- WORK REQUEST:
Every line below that contains "enat" is to be copied.

- TASK INPUT:

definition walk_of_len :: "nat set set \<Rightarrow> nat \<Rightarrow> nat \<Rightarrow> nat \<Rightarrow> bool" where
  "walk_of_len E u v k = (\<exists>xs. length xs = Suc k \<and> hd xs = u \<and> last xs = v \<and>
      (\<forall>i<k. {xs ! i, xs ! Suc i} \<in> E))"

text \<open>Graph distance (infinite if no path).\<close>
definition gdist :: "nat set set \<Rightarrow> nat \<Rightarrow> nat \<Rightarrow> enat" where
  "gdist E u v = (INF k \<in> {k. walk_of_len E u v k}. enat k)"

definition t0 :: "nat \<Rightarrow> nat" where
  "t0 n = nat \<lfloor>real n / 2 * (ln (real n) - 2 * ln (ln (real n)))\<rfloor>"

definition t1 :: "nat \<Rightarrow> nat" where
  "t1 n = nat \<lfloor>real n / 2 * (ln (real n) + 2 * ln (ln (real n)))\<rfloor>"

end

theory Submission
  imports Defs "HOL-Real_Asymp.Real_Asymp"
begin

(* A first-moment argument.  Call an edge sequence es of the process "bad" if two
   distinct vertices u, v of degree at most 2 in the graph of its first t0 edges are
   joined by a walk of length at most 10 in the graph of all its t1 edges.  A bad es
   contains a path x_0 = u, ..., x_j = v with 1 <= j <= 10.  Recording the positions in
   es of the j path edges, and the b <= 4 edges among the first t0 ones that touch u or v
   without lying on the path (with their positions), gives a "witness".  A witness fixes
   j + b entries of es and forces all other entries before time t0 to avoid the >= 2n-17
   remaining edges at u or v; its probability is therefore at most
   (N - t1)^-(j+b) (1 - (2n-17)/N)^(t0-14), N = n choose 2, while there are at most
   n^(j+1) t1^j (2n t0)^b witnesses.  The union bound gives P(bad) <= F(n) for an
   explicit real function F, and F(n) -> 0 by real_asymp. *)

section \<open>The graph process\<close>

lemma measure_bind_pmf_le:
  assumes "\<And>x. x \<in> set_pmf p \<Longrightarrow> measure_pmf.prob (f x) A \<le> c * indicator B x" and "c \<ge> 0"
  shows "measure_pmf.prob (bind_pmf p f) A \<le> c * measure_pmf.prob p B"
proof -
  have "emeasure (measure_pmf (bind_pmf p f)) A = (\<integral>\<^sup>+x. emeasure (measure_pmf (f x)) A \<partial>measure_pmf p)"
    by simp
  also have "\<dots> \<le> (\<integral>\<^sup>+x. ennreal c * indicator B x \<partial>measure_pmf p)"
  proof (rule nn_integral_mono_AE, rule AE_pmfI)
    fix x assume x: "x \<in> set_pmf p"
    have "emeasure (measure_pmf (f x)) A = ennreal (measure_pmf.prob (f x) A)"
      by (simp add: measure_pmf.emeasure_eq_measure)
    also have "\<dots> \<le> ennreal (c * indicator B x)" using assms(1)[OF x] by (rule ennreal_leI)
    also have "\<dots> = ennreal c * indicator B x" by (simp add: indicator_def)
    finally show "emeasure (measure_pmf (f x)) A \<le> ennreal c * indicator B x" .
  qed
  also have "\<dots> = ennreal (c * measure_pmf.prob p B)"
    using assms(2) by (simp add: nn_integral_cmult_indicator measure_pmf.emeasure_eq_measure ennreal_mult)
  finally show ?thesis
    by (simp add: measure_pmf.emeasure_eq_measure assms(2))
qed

---

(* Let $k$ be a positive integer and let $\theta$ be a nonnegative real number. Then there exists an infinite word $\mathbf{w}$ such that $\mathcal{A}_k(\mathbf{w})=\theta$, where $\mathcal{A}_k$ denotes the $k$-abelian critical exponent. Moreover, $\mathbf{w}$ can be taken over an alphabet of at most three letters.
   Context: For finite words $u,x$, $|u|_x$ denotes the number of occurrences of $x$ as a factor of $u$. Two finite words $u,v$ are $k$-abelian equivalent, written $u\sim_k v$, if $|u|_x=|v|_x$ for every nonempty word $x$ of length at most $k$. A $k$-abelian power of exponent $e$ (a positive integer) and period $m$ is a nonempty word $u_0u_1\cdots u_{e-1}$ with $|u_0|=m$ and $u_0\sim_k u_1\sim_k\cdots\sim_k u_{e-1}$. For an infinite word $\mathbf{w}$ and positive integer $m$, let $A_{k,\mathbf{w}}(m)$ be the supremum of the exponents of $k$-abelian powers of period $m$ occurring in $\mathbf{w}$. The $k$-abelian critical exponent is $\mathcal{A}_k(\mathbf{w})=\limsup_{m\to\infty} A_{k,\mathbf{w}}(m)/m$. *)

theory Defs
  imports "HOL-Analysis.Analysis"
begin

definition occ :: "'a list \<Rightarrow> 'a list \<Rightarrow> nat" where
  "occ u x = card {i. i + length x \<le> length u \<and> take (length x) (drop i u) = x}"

- REPLY TO THE EXERCISE:
definition gdist :: "nat set set \<Rightarrow> nat \<Rightarrow> nat \<Rightarrow> enat" where
  "gdist E u v = (INF k \<in> {k. walk_of_len E u v k}. enat k)"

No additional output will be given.